Material shown:
(* Let $p$ be a prime and $G=S^1\times C_p$. There exists a continuous $G$-equivariant map $f_3:S(V_3)\to S(W_3)$, where $V_3=V_{1,1}\oplus V_{p,1}\oplus V_{p^2,1}$ and $W_3=V_{p^3,0}\oplus V_{0,1}$.
   Context: $S^1=\{t\in\mathbb{C}:|t|=1\}$, $C_p$ is cyclic of prime order $p$ with generator $a$, and elements of $G$ are written $ta^i$. Let $\xi_p=\exp(2\pi\sqrt{-1}/p)$. For $k\in\mathbb{Z}$ and $l\in\mathbb{Z}/p$, $V_{k,l}$ is the one-dimensional complex $G$-representation on $\mathbb{C}$ with $t\cdot z=t^kz$, $a\cdot z=\xi_p^lz$. $S(V)$ denotes the unit sphere of $V$. *)

theory Defs
  imports "HOL-Analysis.Analysis"
begin

definition xi :: "nat \<Rightarrow> complex" where
  "xi p = exp (2 * of_real pi * \<i> / of_nat p)"

text \<open>Action of the element t a^i of G = S^1 x C_p on the one-dimensional
  representation V_{k,l}: z maps to t^k xi_p^(l i) z.  Here k is a natural number
  (all weights occurring below are nonnegative) and l is given by a natural representative.\<close>
definition actV :: "nat \<Rightarrow> nat \<Rightarrow> nat \<Rightarrow> complex \<Rightarrow> nat \<Rightarrow> complex \<Rightarrow> complex" where
  "actV p k l t i z = t ^ k * xi p ^ (l * i) * z"

text \<open>V_3 = V_{1,1} + V_{p,1} + V_{p^2,1}, realised on complex x complex x complex
  (the product norm is the Euclidean one).\<close>
definition actV3 :: "nat \<Rightarrow> complex \<Rightarrow> nat \<Rightarrow> complex \<times> complex \<times> complex \<Rightarrow> complex \<times> complex \<times> complex" where
  "actV3 p t i x = (case x of (z1, z2, z3) \<Rightarrow>
     (actV p 1 1 t i z1, actV p p 1 t i z2, actV p (p^2) 1 t i z3))"

definition actW3 :: "nat \<Rightarrow> complex \<Rightarrow> nat \<Rightarrow> complex \<times> complex \<Rightarrow> complex \<times> complex" where
  "actW3 p t i w = (case w of (w1, w2) \<Rightarrow> (actV p (p^3) 0 t i w1, actV p 0 1 t i w2))"

end

theory Submission
  imports Defs
begin

text \<open>
  Put \<open>y = z1^(p^2) + z2^p\<close> (S^1-weight \<open>p^2\<close>, C_p-invariant) and
  \<open>m = cnj z1^p * z2\<close> (S^1-invariant, C_p-weight 1), and damp \<open>m\<close> to
  \<open>u = m * (|m^p| - Re (m^p))\<close>. Then
  \<open>Phi(z1, z2, z3) = (y^p - (-z3)^p, cnj y * z3 + u)\<close> is an equivariant continuous map
  \<open>V_3 \<rightarrow> W_3\<close>, and \<open>f = Phi / |Phi|\<close> works once \<open>Phi\<close> vanishes only at 0.
  If both coordinates vanish then \<open>u^p = |y|^(2p)\<close> is a nonnegative real; the damping
  factor forbids this unless \<open>u = 0\<close>, i.e. \<open>m^p \<ge> 0\<close>, and then \<open>y = z3 = 0\<close>.
  But \<open>y = 0\<close> gives \<open>m^p = -|z1|^(2p^2)\<close>, so \<open>z1 = z2 = 0\<close>.
\<close>

definition real_defect :: "complex \<Rightarrow> real" where
  "real_defect w = norm w - Re w"

lemma real_defect_nonneg: "real_defect w \<ge> 0"
  using complex_Re_le_cmod[of w] by (simp add: real_defect_def)

lemma real_defect_eq_0_iff: "real_defect w = 0 \<longleftrightarrow> w \<in> \<real>\<^sub>\<ge>\<^sub>0"
proof
  assume "real_defect w = 0"
  then have "sqrt ((Re w)\<^sup>2 + (Im w)\<^sup>2) = Re w"
    by (simp add: real_defect_def cmod_def)
  then have "Re w \<ge> 0" and "(Re w)\<^sup>2 + (Im w)\<^sup>2 = (Re w)\<^sup>2"
    by (metis real_sqrt_ge_zero zero_le_power2 add_nonneg_nonneg,
        metis real_sqrt_pow2 zero_le_power2 add_nonneg_nonneg)
  then show "w \<in> \<real>\<^sub>\<ge>\<^sub>0"
    by (simp add: complex_nonneg_Reals_iff)
qed (simp add: real_defect_def nonneg_Reals_cmod_eq_Re)

definition damp :: "nat \<Rightarrow> complex \<Rightarrow> complex" where
  "damp p m = m * of_real (real_defect (m ^ p))"

lemma damp_eq_0_iff:
  assumes "p > 0"
  shows "damp p m = 0 \<longleftrightarrow> m ^ p \<in> \<real>\<^sub>\<ge>\<^sub>0"
  using assms by (auto simp: damp_def real_defect_eq_0_iff)

lemma damp_eq_0_if_power_nonneg_Reals:
  assumes "damp p m ^ p \<in> \<real>\<^sub>\<ge>\<^sub>0"
  shows "damp p m = 0"
proof (rule ccontr)
  define \<delta> where "\<delta> = real_defect (m ^ p)"
  assume "damp p m \<noteq> 0"
  then have "\<delta> \<noteq> 0"
    by (simp add: damp_def \<delta>_def)
  have "m ^ p = damp p m ^ p / of_real (\<delta> ^ p)"
    using \<open>\<delta> \<noteq> 0\<close> by (simp add: damp_def \<delta>_def power_mult_distrib)
  also have "\<dots> \<in> \<real>\<^sub>\<ge>\<^sub>0"
    using assms real_defect_nonneg[of "m ^ p"] by (simp add: \<delta>_def)
  finally have "\<delta> = 0"
    by (simp add: \<delta>_def real_defect_eq_0_iff)
  with \<open>\<delta> \<noteq> 0\<close> show False ..
qed

lemma damp_mult_root_of_unity:
  assumes "e ^ p = 1"
  shows "damp p (e * m) = e * damp p m"
  using assms by (simp add: damp_def power_mult_distrib)

definition power_sum :: "nat \<Rightarrow> complex \<Rightarrow> complex \<Rightarrow> complex" where
  "power_sum p z1 z2 = z1 ^ (p^2) + z2 ^ p"

lemma power_sum_eq_0_imp:
  assumes "power_sum p z1 z2 = 0"
  shows "(cnj z1 ^ p * z2) ^ p = - of_real (norm z1 ^ (2 * p^2))"
proof -
  have "z2 ^ p = - (z1 ^ (p^2))"
    using assms by (simp add: power_sum_def add_eq_0_iff)
  then have "(cnj z1 ^ p * z2) ^ p = - ((z1 * cnj z1) ^ (p^2))"
    by (simp add: power2_eq_square algebra_simps flip: power_mult)
  then show ?thesis
    by (simp add: power_mult flip: complex_norm_square)
qed

definition Phi :: "nat \<Rightarrow> complex \<times> complex \<times> complex \<Rightarrow> complex \<times> complex" where
  "Phi p = (\<lambda>(z1, z2, z3).
     (power_sum p z1 z2 ^ p - (- z3) ^ p, cnj (power_sum p z1 z2) * z3 + damp p (cnj z1 ^ p * z2)))"

lemma continuous_on_Phi: "continuous_on S (Phi p)"
  unfolding Phi_def power_sum_def damp_def real_defect_def case_prod_unfold
  by (intro continuous_intros)

lemma Phi_nonzero:
  assumes "p > 0" and "x \<noteq> 0"
  shows "Phi p x \<noteq> 0"
proof
  obtain z1 z2 z3 where x: "x = (z1, z2, z3)"
    by (cases x) auto
  define y where "y = power_sum p z1 z2"
  define m where "m = cnj z1 ^ p * z2"
  assume "Phi p x = 0"
  then have y_power: "y ^ p = (- z3) ^ p" and damp_m: "damp p m = - (cnj y * z3)"
    by (simp_all add: Phi_def x y_def m_def zero_prod_def add_eq_0_iff)
  have "damp p m ^ p = (cnj y * y) ^ p"
    by (simp only: damp_m power_mult_distrib y_power flip: mult_minus_right)
  also have "\<dots> = of_real ((norm y ^ 2) ^ p)"
    by (metis complex_norm_square mult.commute of_real_power)
  finally have damp_m_power: "damp p m ^ p = of_real ((norm y ^ 2) ^ p)" .
  then have "damp p m = 0"
    by (intro damp_eq_0_if_power_nonneg_Reals) simp
  then have "m ^ p \<in> \<real>\<^sub>\<ge>\<^sub>0"
    using damp_eq_0_iff[OF \<open>p > 0\<close>] by simp
  have "y = 0"
    using damp_m_power \<open>damp p m = 0\<close> \<open>p > 0\<close> by (simp add: zero_power)
  then have "z3 = 0"
    using y_power \<open>p > 0\<close> by (simp add: zero_power)
  have "m ^ p = - of_real (norm z1 ^ (2 * p^2))"
    using \<open>y = 0\<close> by (simp add: y_def m_def power_sum_eq_0_imp)
  with \<open>m ^ p \<in> \<real>\<^sub>\<ge>\<^sub>0\<close> have "norm z1 ^ (2 * p^2) \<le> 0"
    by (simp only: uminus_nonneg_Reals_iff nonpos_Reals_of_real_iff)
  then have "z1 = 0"
    by (metis not_le zero_less_norm_iff zero_less_power)
  then have "z2 = 0"
    using \<open>y = 0\<close> \<open>p > 0\<close> by (simp add: y_def power_sum_def zero_power)
  with \<open>z1 = 0\<close> \<open>z3 = 0\<close> x \<open>x \<noteq> 0\<close> show False
    by (simp add: zero_prod_def)
qed

lemma xi_power_self: "xi p ^ p = 1"
proof (cases "p = 0")
  case False
  then show ?thesis
    by (simp add: xi_def flip: exp_of_nat_mult)
qed simp

lemma actV3_apply:
  "actV3 p t i (z1, z2, z3) = (t * xi p ^ i * z1, t ^ p * xi p ^ i * z2, t ^ p^2 * xi p ^ i * z3)"
  by (simp add: actV3_def actV_def)

lemma actW3_apply: "actW3 p t i (w1, w2) = (t ^ p^3 * w1, xi p ^ i * w2)"
  by (simp add: actW3_def actV_def)

lemma power_sum_equivariant:
  assumes "e ^ p = 1"
  shows "power_sum p (t * e * z1) (t ^ p * e * z2) = t ^ p^2 * power_sum p z1 z2"
proof -
  have "e ^ p^2 = 1"
    using assms by (simp add: power2_eq_square power_mult)
  with assms show ?thesis
    by (simp add: power_sum_def algebra_simps power2_eq_square flip: power_mult)
qed

lemma cnj_power_mult_equivariant:
  assumes "e ^ p = 1" and "cnj t * t = 1"
  shows "cnj (t * e * z1) ^ p * (t ^ p * e * z2) = e * (cnj z1 ^ p * z2)"
proof -
  have "cnj (t * e * z1) ^ p * (t ^ p * e * z2) = (cnj t * t) ^ p * cnj (e ^ p) * e * (cnj z1 ^ p * z2)"
    by (simp add: algebra_simps)
  with assms show ?thesis
    by simp
qed

lemma Phi_equivariant:
  assumes "norm t = 1"
  shows "Phi p (actV3 p t i x) = actW3 p t i (Phi p x)"
proof -
  obtain z1 z2 z3 where x: "x = (z1, z2, z3)"
    by (cases x) auto
  define e where "e = xi p ^ i"
  define y where "y = power_sum p z1 z2"
  have e: "e ^ p = 1"
    by (metis e_def mult.commute power_mult power_one xi_power_self)
  have t: "cnj t * t = 1"
    using assms by (simp add: mult.commute flip: complex_norm_square)
  have "(t ^ p^2) ^ p = t ^ p^3"
    by (simp add: power3_eq_cube power2_eq_square flip: power_mult)
  then have first: "(t ^ p^2 * y) ^ p - (- (t ^ p^2 * e * z3)) ^ p = t ^ p^3 * (y ^ p - (- z3) ^ p)"
    using e by (simp only: minus_mult_right power_mult_distrib)
      (simp add: right_diff_distrib)
  have "cnj (t ^ p^2 * y) * (t ^ p^2 * e * z3) = (cnj t * t) ^ p^2 * e * (cnj y * z3)"
    by (simp add: algebra_simps)
  then have second: "cnj (t ^ p^2 * y) * (t ^ p^2 * e * z3) = e * (cnj y * z3)"
    by (simp only: t power_one mult_1_left)
  have "Phi p (actV3 p t i x) = ((t ^ p^2 * y) ^ p - (- (t ^ p^2 * e * z3)) ^ p,
      cnj (t ^ p^2 * y) * (t ^ p^2 * e * z3) + e * damp p (cnj z1 ^ p * z2))"
    by (simp add: x Phi_def actV3_apply power_sum_equivariant[OF e]
        cnj_power_mult_equivariant[OF e t] damp_mult_root_of_unity[OF e] del: complex_cnj_mult flip: e_def y_def)
  also have "\<dots> = actW3 p t i (Phi p x)"
    unfolding first second by (simp add: x Phi_def actW3_apply distrib_left flip: e_def y_def)
  finally show ?thesis .
qed

lemma actW3_scaleR: "actW3 p t i (c *\<^sub>R w) = c *\<^sub>R actW3 p t i w"
  by (cases w) (simp add: actW3_apply scaleR_conv_of_real algebra_simps)

lemma norm_actW3:
  assumes "norm t = 1"
  shows "norm (actW3 p t i w) = norm w"
  using assms by (cases w) (simp add: actW3_apply norm_Pair norm_mult norm_power xi_def)

lemma sgn_actW3:
  assumes "norm t = 1"
  shows "sgn (actW3 p t i w) = actW3 p t i (sgn w)"
  using assms by (simp add: sgn_div_norm norm_actW3 actW3_scaleR)

theorem proposition2p2:
  fixes p :: nat
  assumes "prime p"
  shows "\<exists>f :: complex \<times> complex \<times> complex \<Rightarrow> complex \<times> complex.
           continuous_on (sphere 0 1) f \<and> f ` sphere 0 1 \<subseteq> sphere 0 1 \<and>
           (\<forall>t i x. norm t = 1 \<and> i < p \<and> x \<in> sphere 0 1 \<longrightarrow>
               f (actV3 p t i x) = actW3 p t i (f x))"
proof -
  have "p > 0"
    using assms by (simp add: prime_gt_0_nat)
  then have Phi_nonzero_sphere: "Phi p x \<noteq> 0" if "x \<in> sphere 0 1" for x
    using that by (intro Phi_nonzero) auto
  show ?thesis
  proof (intro exI conjI allI impI)
    show "continuous_on (sphere 0 1) (\<lambda>x. sgn (Phi p x))"
      using Phi_nonzero_sphere by (intro continuous_on_sgn continuous_on_Phi ballI)
    show "(\<lambda>x. sgn (Phi p x)) ` sphere 0 1 \<subseteq> sphere 0 1"
      using Phi_nonzero_sphere by (auto simp: norm_sgn)
  next
    fix t :: complex and i :: nat and x :: "complex \<times> complex \<times> complex"
    assume "norm t = 1 \<and> i < p \<and> x \<in> sphere 0 1"
    then show "sgn (Phi p (actV3 p t i x)) = actW3 p t i (sgn (Phi p x))"
      by (simp add: Phi_equivariant sgn_actW3)
  qed
qed

end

Exercise objective: Look through the listing above and give the number of lines containing the string "natural", with nothing else.

Response: 2